TASK DIRECTIONS: Search the listing below for the line containing "definition Qprime :: elt where". From there through the line containing "u, v) \<Rightarrow>", transcribe every line exactly, both ends included.

========

(* The monomials $X_1^rX_2^s(X_2^* )^t(X_1^* )^u(Q')^v$, $r,s,t,u,v\in\mathbb Z_{\ge0}$, where $Q'=Q-X_1X_1^*-X_2X_2^*$, form a $\mathbb C$-linear basis of $\mathcal X$.
   Context: Fix $0<q<1$. $\mathcal X$ is the unital complex $*$-algebra generated by $X_1,X_1^*,X_2,X_2^*,Q$ with involution $(X_i)^*=X_i^*$, $Q^*=Q$, subject to the relations $X_1X_2=qX_2X_1$, $X_1^*X_2=qX_2X_1^*$, $X_2^*X_2=q^2X_2X_2^*+(1-q^2)Q$, $X_1^*X_1=q^2X_1X_1^*+(1-q^2)(Q-X_2X_2^* )$, $Q$ central, together with the $*$-images of these relations. *)

theory Defs
  imports Complex_Main "HOL-Library.Function_Algebras"
begin

text \<open>The free unital complex algebra on the generators X1, X1*, X2, X2*, Q is modelled
as finitely supported functions from words (lists of generators) to complex numbers;
the algebra X is its quotient by the two-sided ideal generated by the defining
relations together with their *-images.  A basis of the quotient is expressed as:
the given elements span modulo the ideal, and no nontrivial finite linear
combination of them lies in the ideal.\<close>

datatype gen = X1 | X1s | X2 | X2s | Qg

fun gstar :: "gen \<Rightarrow> gen" where
  "gstar X1 = X1s" | "gstar X1s = X1" | "gstar X2 = X2s" | "gstar X2s = X2" | "gstar Qg = Qg"

type_synonym elt = "gen list \<Rightarrow> complex"

definition wd :: "gen list \<Rightarrow> elt" where
  "wd u = (\<lambda>w. if w = u then 1 else 0)"

definition fscale :: "complex \<Rightarrow> elt \<Rightarrow> elt" where
  "fscale c f = (\<lambda>w. c * f w)"

definition fmul :: "elt \<Rightarrow> elt \<Rightarrow> elt" where
  "fmul f g = (\<lambda>w. \<Sum>n\<in>{0..length w}. f (take n w) * g (drop n w))"

definition fstar :: "elt \<Rightarrow> elt" where
  "fstar f = (\<lambda>w. cnj (f (rev (map gstar w))))"

definition fpow :: "elt \<Rightarrow> nat \<Rightarrow> elt" where
  "fpow f n = (fmul f ^^ n) (wd [])"

definition base_rels :: "real \<Rightarrow> elt set" where
  "base_rels q =
     {wd [X1, X2] - fscale (of_real q) (wd [X2, X1]),
      wd [X1s, X2] - fscale (of_real q) (wd [X2, X1s]),
      wd [X2s, X2] - fscale (of_real (q^2)) (wd [X2, X2s]) - fscale (of_real (1 - q^2)) (wd [Qg]),
      wd [X1s, X1] - fscale (of_real (q^2)) (wd [X1, X1s])
        - fscale (of_real (1 - q^2)) (wd [Qg] - wd [X2, X2s])}
   \<union> {wd [Qg, g] - wd [g, Qg] | g. True}"

definition rels :: "real \<Rightarrow> elt set" where
  "rels q = base_rels q \<union> fstar ` base_rels q"

inductive_set gen_ideal :: "elt set \<Rightarrow> elt set" for R where
  zero: "0 \<in> gen_ideal R"
| step: "r \<in> R \<Longrightarrow> p \<in> gen_ideal R \<Longrightarrow>
           p + fscale c (fmul (fmul (wd u) r) (wd v)) \<in> gen_ideal R"

definition Qprime :: elt where
  "Qprime = wd [Qg] - wd [X1, X1s] - wd [X2, X2s]"

definition monomial :: "nat \<times> nat \<times> nat \<times> nat \<times> nat \<Rightarrow> elt" where
  "monomial k = (case k of (r, s, t, u, v) \<Rightarrow>
     fmul (wd (replicate r X1 @ replicate s X2 @ replicate t X2s @ replicate u X1s))
          (fpow Qprime v))"

end

theory Submission
  imports Defs "HOL-Library.Poly_Mapping"
begin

========

REPLY TO THE TASK:
definition Qprime :: elt where
  "Qprime = wd [Qg] - wd [X1, X1s] - wd [X2, X2s]"

definition monomial :: "nat \<times> nat \<times> nat \<times> nat \<times> nat \<Rightarrow> elt" where
  "monomial k = (case k of (r, s, t, u, v) \<Rightarrow>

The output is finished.